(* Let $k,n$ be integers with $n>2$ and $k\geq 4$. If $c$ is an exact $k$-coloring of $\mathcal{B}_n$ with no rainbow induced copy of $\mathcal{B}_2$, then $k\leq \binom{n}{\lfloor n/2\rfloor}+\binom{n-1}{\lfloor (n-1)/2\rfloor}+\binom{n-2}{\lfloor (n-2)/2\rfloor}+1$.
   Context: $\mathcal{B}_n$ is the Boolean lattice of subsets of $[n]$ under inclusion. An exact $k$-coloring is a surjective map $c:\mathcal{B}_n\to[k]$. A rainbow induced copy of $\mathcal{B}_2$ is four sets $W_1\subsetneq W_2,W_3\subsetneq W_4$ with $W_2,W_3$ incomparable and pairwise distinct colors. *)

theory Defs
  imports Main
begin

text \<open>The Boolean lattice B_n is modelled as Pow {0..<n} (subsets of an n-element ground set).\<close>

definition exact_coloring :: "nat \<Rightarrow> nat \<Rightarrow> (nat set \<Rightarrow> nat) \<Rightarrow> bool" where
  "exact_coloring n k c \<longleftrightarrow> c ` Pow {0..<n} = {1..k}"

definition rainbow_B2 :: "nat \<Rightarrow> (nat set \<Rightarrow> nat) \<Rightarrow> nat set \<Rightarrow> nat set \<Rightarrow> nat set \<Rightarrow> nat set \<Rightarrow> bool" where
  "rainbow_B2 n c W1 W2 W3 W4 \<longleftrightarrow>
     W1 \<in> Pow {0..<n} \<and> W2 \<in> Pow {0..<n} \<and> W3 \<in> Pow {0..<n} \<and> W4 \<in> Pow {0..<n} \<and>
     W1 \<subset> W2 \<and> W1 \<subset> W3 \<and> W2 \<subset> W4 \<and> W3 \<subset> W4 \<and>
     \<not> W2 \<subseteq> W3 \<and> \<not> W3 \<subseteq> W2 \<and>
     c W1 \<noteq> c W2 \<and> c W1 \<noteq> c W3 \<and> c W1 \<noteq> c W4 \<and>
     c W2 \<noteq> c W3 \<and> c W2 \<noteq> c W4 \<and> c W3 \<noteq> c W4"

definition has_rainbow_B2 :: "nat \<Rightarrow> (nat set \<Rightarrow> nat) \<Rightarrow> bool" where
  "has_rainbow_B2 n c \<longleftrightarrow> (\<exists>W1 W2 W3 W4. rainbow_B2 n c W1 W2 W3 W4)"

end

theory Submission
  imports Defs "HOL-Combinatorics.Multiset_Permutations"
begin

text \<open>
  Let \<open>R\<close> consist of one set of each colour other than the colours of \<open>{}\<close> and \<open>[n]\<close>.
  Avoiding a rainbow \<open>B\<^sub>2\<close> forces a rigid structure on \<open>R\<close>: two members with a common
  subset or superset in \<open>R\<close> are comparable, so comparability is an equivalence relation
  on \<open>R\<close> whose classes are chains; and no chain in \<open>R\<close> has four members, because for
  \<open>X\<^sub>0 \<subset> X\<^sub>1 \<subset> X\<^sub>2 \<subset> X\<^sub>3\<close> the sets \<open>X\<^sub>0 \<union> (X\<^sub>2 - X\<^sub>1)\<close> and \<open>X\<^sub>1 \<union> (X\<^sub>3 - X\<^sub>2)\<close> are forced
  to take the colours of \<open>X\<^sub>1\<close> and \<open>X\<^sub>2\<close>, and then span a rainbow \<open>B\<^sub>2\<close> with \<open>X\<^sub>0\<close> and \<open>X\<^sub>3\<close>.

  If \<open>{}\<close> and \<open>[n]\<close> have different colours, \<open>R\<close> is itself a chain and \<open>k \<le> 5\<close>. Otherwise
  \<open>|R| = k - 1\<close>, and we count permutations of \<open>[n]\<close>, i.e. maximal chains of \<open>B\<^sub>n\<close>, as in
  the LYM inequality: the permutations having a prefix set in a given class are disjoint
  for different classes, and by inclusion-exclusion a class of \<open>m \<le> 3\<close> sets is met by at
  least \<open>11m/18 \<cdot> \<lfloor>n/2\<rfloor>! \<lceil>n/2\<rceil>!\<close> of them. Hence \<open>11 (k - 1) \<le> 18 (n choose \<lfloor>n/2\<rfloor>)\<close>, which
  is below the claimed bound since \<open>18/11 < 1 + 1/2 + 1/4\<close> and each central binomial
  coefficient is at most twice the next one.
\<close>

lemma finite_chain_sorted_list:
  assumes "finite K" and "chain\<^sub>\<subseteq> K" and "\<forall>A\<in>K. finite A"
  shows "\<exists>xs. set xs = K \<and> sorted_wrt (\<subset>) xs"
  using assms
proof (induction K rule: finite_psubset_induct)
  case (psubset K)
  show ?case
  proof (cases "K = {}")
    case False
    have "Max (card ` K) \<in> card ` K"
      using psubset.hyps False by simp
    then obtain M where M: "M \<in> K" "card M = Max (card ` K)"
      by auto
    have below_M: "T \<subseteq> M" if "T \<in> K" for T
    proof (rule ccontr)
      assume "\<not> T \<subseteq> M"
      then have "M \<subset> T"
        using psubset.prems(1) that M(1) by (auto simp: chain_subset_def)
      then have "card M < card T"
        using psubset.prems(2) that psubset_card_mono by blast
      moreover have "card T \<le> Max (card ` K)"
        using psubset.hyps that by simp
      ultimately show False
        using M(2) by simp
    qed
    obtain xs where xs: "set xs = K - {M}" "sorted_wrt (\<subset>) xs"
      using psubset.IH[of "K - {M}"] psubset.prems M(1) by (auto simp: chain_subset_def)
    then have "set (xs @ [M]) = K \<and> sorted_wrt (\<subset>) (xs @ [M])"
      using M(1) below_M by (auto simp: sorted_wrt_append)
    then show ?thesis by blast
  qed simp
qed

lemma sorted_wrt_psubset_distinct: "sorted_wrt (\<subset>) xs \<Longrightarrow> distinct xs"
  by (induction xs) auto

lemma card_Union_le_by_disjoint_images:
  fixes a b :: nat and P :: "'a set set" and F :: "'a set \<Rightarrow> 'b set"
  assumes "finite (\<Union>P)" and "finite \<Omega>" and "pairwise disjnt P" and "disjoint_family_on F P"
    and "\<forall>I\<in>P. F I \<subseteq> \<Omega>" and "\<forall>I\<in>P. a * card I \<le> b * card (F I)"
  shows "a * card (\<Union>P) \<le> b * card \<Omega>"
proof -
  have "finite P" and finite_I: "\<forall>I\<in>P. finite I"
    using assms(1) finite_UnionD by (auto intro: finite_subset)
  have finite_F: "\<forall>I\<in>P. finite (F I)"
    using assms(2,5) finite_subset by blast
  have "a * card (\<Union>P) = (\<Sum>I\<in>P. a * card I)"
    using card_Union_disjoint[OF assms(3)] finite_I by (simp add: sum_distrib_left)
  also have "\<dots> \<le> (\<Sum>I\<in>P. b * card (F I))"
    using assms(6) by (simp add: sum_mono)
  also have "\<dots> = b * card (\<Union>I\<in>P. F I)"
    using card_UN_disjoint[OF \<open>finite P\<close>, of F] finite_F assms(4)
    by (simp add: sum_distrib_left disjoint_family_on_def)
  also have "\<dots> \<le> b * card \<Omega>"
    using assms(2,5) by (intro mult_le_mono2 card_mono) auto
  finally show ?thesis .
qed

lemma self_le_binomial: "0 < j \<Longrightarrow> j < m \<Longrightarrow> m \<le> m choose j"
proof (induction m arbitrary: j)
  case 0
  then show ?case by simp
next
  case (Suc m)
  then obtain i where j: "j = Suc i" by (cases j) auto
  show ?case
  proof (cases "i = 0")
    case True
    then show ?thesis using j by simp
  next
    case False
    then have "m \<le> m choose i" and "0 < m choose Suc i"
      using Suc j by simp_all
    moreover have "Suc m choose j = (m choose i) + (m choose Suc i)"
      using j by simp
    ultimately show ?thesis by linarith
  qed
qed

• What is being asked
Look for the word "distinct" throughout the material above and copy every line that has it.

• Reply to the task
   Context: $\mathcal{B}_n$ is the Boolean lattice of subsets of $[n]$ under inclusion. An exact $k$-coloring is a surjective map $c:\mathcal{B}_n\to[k]$. A rainbow induced copy of $\mathcal{B}_2$ is four sets $W_1\subsetneq W_2,W_3\subsetneq W_4$ with $W_2,W_3$ incomparable and pairwise distinct colors. *)
lemma sorted_wrt_psubset_distinct: "sorted_wrt (\<subset>) xs \<Longrightarrow> distinct xs"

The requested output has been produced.